Thursday, February 12, 2009

A birthday for Charles Darwin

(looks like a Rabbi, don't he?)

Today is Mr. Darwin's 200th birthday. Whenever I ruminate on Darwin and his discoveries, I find myself recalling an inadvertently hysterical line from the imperishable A.B. Rotenberg song "Atheist Convention in L.A." In the song, three men, traveling by plane to the convention, say:

That we all once were primates is our motto
And the Big Bang's not a theory but a fact!

The line is funny because only an ignoramus would imagine that an atheist might deny that we are still primates and also because of the familiar way it misuses the word theory. In our vernacular a "theory" is an imperfect guess. In science, a "theory" is a set of ideas devised to explain a group of facts. A theory can be debated and modified. Facts usually, aren't.

Evolution is both a theory and a fact (Stephen J. Gould said it first) Facts don't go away when scientists debate rival theories to explain them.
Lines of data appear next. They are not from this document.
lemma z_AR_U3_le:
  assumes m: "m \<ge> 2"
    and diag: "\<And>i. i < m \<Longrightarrow> B i i = 1"
    and nonneg: "\<And>i j. i < m \<Longrightarrow> j < m \<Longrightarrow> 0 \<le> B i j"
    and row: "\<And>i. i < m \<Longrightarrow> (real m - 1) / (4 * sqrt (real m)) \<le> (\<Sum>j<m. B i j)"
  shows "z_AR m m (\<lambda>_ _. 0) B (\<lambda>_. 0) (\<lambda>_. 1) (U3 m) \<le> 8"
proof -
  define s where "s = sqrt (real m)"
  define \<sigma> where "\<sigma> = 4 / (real m - 1)"
  have s: "s > 0" and m1: "real m - 1 > 0"
    using m by (simp_all add: s_def)
  have \<sigma>: "\<sigma> \<ge> 0" "\<sigma> * ((real m - 1) / (4 * s)) = 1 / s" "real m * \<sigma> \<le> 8"
    using m1 s m by (simp_all add: \<sigma>_def field_simps)
  have "\<exists>y. (\<forall>j<m. 0 \<le> y j) \<and> (\<forall>i<m. h i \<le> (\<Sum>j<m. 0 * 0) + (\<Sum>j<m. B i j * y j))
      \<and> (\<Sum>j<m. 1 * y j) \<le> 8" if hU: "h \<in> U3 m" for h
  proof -
    obtain a b where a: "\<forall>k<m. 0 \<le> a k" and b: "0 \<le> b" and ab: "(\<Sum>k<m. a k) + b \<le> 1"
      and h: "\<forall>i<m. h i \<le> a i + b / s"
      using U3_dominated[OF hU] unfolding s_def by blast
    \<comment> \<open>The mass \<open>b\<close> on the points \<open>\<nu>\<^sub>k\<close> is covered by spreading \<open>\<sigma> b\<close> over all coordinates.\<close>
    define y where "y j = a j + \<sigma> * b" for j
    have "h i \<le> (\<Sum>j<m. B i j * y j)" if i: "i < m" for i
    proof -
      have "a i \<le> (\<Sum>j<m. B i j * a j)"
        using i a diag[OF i] member_le_sum[of i "{..<m}" "\<lambda>j. B i j * a j"]
        by (auto intro: mult_nonneg_nonneg nonneg)
      moreover have "b / s \<le> \<sigma> * b * (\<Sum>j<m. B i j)"
      proof -
        have "b / s = \<sigma> * b * ((real m - 1) / (4 * s))"
          using \<sigma>(2) by (metis mult.commute mult.left_commute times_divide_eq_right mult.right_neutral)
        also have "\<dots> \<le> \<sigma> * b * (\<Sum>j<m. B i j)"
          using row[OF i] \<sigma>(1) b by (intro mult_left_mono) (simp_all add: s_def)
        finally show ?thesis .
      qed
      moreover have "(\<Sum>j<m. B i j * y j) = (\<Sum>j<m. B i j * a j) + \<sigma> * b * (\<Sum>j<m. B i j)"
        by (simp add: y_def distrib_left sum.distrib sum_distrib_left mult_ac)
      ultimately show ?thesis
        using h i by fastforce
    qed
    moreover have "(\<Sum>j<m. y j) \<le> 8"
    proof -
      have "(\<Sum>j<m. y j) = (\<Sum>j<m. a j) + real m * \<sigma> * b"
        by (simp add: y_def sum.distrib)
      moreover have "real m * \<sigma> * b \<le> 8 * b"
        using \<sigma>(3) b by (rule mult_right_mono)
      moreover have "0 \<le> (\<Sum>k<m. a k)"
        using a by (auto intro: sum_nonneg)
      ultimately show ?thesis
        using ab by linarith
    qed
    ultimately show ?thesis
      using a b \<sigma>(1) by (intro exI[of _ y]) (simp add: y_def)
  qed
  then have "z_AR m m (\<lambda>_ _. 0) B (\<lambda>_. 0) (\<lambda>_. 1) (U3 m) \<le> ereal (\<Sum>j<m. 0 * 0) + ereal 8"
    by (intro z_AR_le) auto
  then show ?thesis
    by simp
qed
(* Let $n=qd$ for positive integers $q,d$, let $C\in\mathbb{S}^n$, and let $p>\frac{d+1}{d+3}n$. Then every second-order critical point $Y$ of (OrthoCut-BM) is globally optimal for (OrthoCut-BM), and $X=YY^\top$ is globally optimal for (OrthoCut). In particular, for $d=1$ (Max-Cut SDP) it suffices that $p>\frac{n}{2}$.
   Context: $\mathbb{S}^n$: real symmetric $n\times n$ matrices; $\langle U,V\rangle=\operatorname{tr}(U^\top V)$. For $X\in\mathbb{S}^n$ partitioned into $d\times d$ blocks $X_{ij}$, $\operatorname{sbd}(X)$ keeps the diagonal blocks $X_{ii}$ and zeros out the others. (OrthoCut): minimize $\langle C,X\rangle$ over $X\in\mathbb{S}^n$ with $\operatorname{sbd}(X)=I_n$, $X\succeq0$. (OrthoCut-BM): minimize $\langle CY,Y\rangle$ over $Y\in\mathbb{R}^{n\times p}$ with $Y^\top=[Y_1\ \cdots\ Y_q]$, $Y_k\in\mathbb{R}^{p\times d}$, subject to $Y_k^\top Y_k=I_d$ for all $k$. These are instances of the general form with constraints $\langle A_\ell,YY^\top\rangle=b_\ell$ given by the entries (on and above the diagonal) of the diagonal blocks, i.e., $\mathcal{A}(X)=$ the collection of entries of the diagonal blocks $X_{kk}$ on or above their diagonal, with $b$ the corresponding entries of $I_n$, and $\mathcal{A}^*$ its adjoint. For feasible $Y$: $T_Y=\{\dot Y:\mathcal{A}(\dot YY^\top+Y\dot Y^\top)=0\}$; $G_{ij}=\langle A_iY,A_jY\rangle$; $\mu=G^\dagger\mathcal{A}(CYY^\top)$; $S(Y)=C-\mathcal{A}^*(\mu)$ (equivalently, $S(Y)=C-\Lambda$ where $\Lambda$ is block diagonal with symmetric diagonal blocks $\Lambda_{kk}$ chosen so that $S(Y)$ corresponds to the orthogonal projection of $CY$ onto $T_Y$). $Y$ is second-order critical if $S(Y)Y=0$ and $\langle\dot Y,S(Y)\dot Y\rangle\ge0$ for all $\dot Y\in T_Y$. *)

theory Defs
  imports "Jordan_Normal_Form.Matrix"
begin

definition frob :: "real mat \<Rightarrow> real mat \<Rightarrow> real" where
  "frob U V = (\<Sum>i<dim_row U. \<Sum>j<dim_col U. U $$ (i,j) * V $$ (i,j))"

definition sym_mat :: "real mat \<Rightarrow> bool" where
  "sym_mat X \<longleftrightarrow> X \<in> carrier_mat (dim_row X) (dim_row X) \<and> transpose_mat X = X"

definition psd :: "real mat \<Rightarrow> bool" where
  "psd X \<longleftrightarrow> sym_mat X \<and>
     (\<forall>v \<in> carrier_vec (dim_row X). v \<bullet> (X *\<^sub>v v) \<ge> 0)"

definition same_block :: "nat \<Rightarrow> nat \<Rightarrow> nat \<Rightarrow> bool" where
  "same_block d i j \<longleftrightarrow> i div d = j div d"

definition sbd_eq_id :: "nat \<Rightarrow> real mat \<Rightarrow> bool" where
  "sbd_eq_id d X \<longleftrightarrow> (\<forall>i<dim_row X. \<forall>j<dim_row X.
      same_block d i j \<longrightarrow> X $$ (i,j) = (if i = j then 1 else 0))"

definition orthocut_feasible :: "nat \<Rightarrow> nat \<Rightarrow> real mat \<Rightarrow> bool" where
  "orthocut_feasible n d X \<longleftrightarrow> X \<in> carrier_mat n n \<and> sym_mat X \<and> sbd_eq_id d X \<and> psd X"

text \<open>Feasible set of (OrthoCut-BM): Y_k^T Y_k = I_d for every block k, where
  Y^T = [Y_1 ... Y_q], i.e. Y_k^T consists of rows k*d .. k*d+d-1 of Y.\<close>
definition bm_feasible :: "nat \<Rightarrow> nat \<Rightarrow> nat \<Rightarrow> real mat \<Rightarrow> bool" where
  "bm_feasible q d p Y \<longleftrightarrow> Y \<in> carrier_mat (q*d) p \<and>
     (\<forall>k<q. \<forall>a<d. \<forall>b<d.
        (\<Sum>l<p. Y $$ (k*d+a, l) * Y $$ (k*d+b, l)) = (if a = b then 1 else 0))"

definition bm_obj :: "real mat \<Rightarrow> real mat \<Rightarrow> real" where
  "bm_obj C Y = frob (C * Y) Y"

text \<open>Tangent space T_Y: A(Ydot Y^T + Y Ydot^T) = 0, i.e. the entries on or above the
  diagonal of every diagonal block vanish.\<close>
definition tangent :: "nat \<Rightarrow> real mat \<Rightarrow> real mat \<Rightarrow> bool" where
  "tangent d Y Yd \<longleftrightarrow> Yd \<in> carrier_mat (dim_row Y) (dim_col Y) \<and>
     (let M = Yd * transpose_mat Y + Y * transpose_mat Yd in
      \<forall>i<dim_row Y. \<forall>j<dim_row Y. same_block d i j \<and> i \<le> j \<longrightarrow> M $$ (i,j) = 0)"

definition block_diag_sym :: "nat \<Rightarrow> nat \<Rightarrow> real mat \<Rightarrow> bool" where
  "block_diag_sym n d L \<longleftrightarrow> L \<in> carrier_mat n n \<and> transpose_mat L = L \<and>
     (\<forall>i<n. \<forall>j<n. \<not> same_block d i j \<longrightarrow> L $$ (i,j) = 0)"

text \<open>S(Y) = C - Lambda, where Lambda is the block-diagonal matrix with symmetric blocks such
  that (C - Lambda) Y is the orthogonal projection of CY onto T_Y.  (Lambda Y is automatically
  orthogonal to T_Y, so the projection condition amounts to (C - Lambda) Y in T_Y; for feasible
  Y this Lambda is unique.)\<close>
definition S_mat :: "nat \<Rightarrow> real mat \<Rightarrow> real mat \<Rightarrow> real mat" where
  "S_mat d C Y = C - (THE L. block_diag_sym (dim_row Y) d L \<and> tangent d Y ((C - L) * Y))"

definition second_order_critical :: "nat \<Rightarrow> nat \<Rightarrow> nat \<Rightarrow> real mat \<Rightarrow> real mat \<Rightarrow> bool" where
  "second_order_critical q d p C Y \<longleftrightarrow> bm_feasible q d p Y \<and>
     S_mat d C Y * Y = 0\<^sub>m (q*d) p \<and>
     (\<forall>Yd. tangent d Y Yd \<longrightarrow> frob Yd (S_mat d C Y * Yd) \<ge> 0)"

end

theory Submission
  imports Defs
begin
Einstein's theory of gravitation replaced Newton's but apples didn't suspend themselves in midair, pending the outcome. (he said that, too.) Thought the mechanism of evolution continues to be debated, the facts aren't in dispute - at least not among educated men.

This is (part of) why I reject the Orthodox Jewish rejection of Darwin: None of what he taught is anathema to Torah Judaism. The idea that life evolves over time can easily coexist with the idea that there is a God who created us and desires our service and devotion. Natural selection poses no threat to our beliefs; the two can be reconciled.

As for the fear that the literal word of the bible is countermanded by Darwin's theory, well, let's first remember that Jews aren't biblical literalists. We have libraries filled with widely-accepted books offering non-literal interpretations of the Divine Writ. And we've always been willing to reinterpret to suit new discoveries. For instance, before Copernicus, we gave the story of Joshua Halting the Sun a literal interpretation; today we know this is impossible, yet Judaism continues to flourish, just as it will continue to flourish after we permit ourselves to fearlessly follow facts wherever they lead and finally reconcile Genesis to Darwin.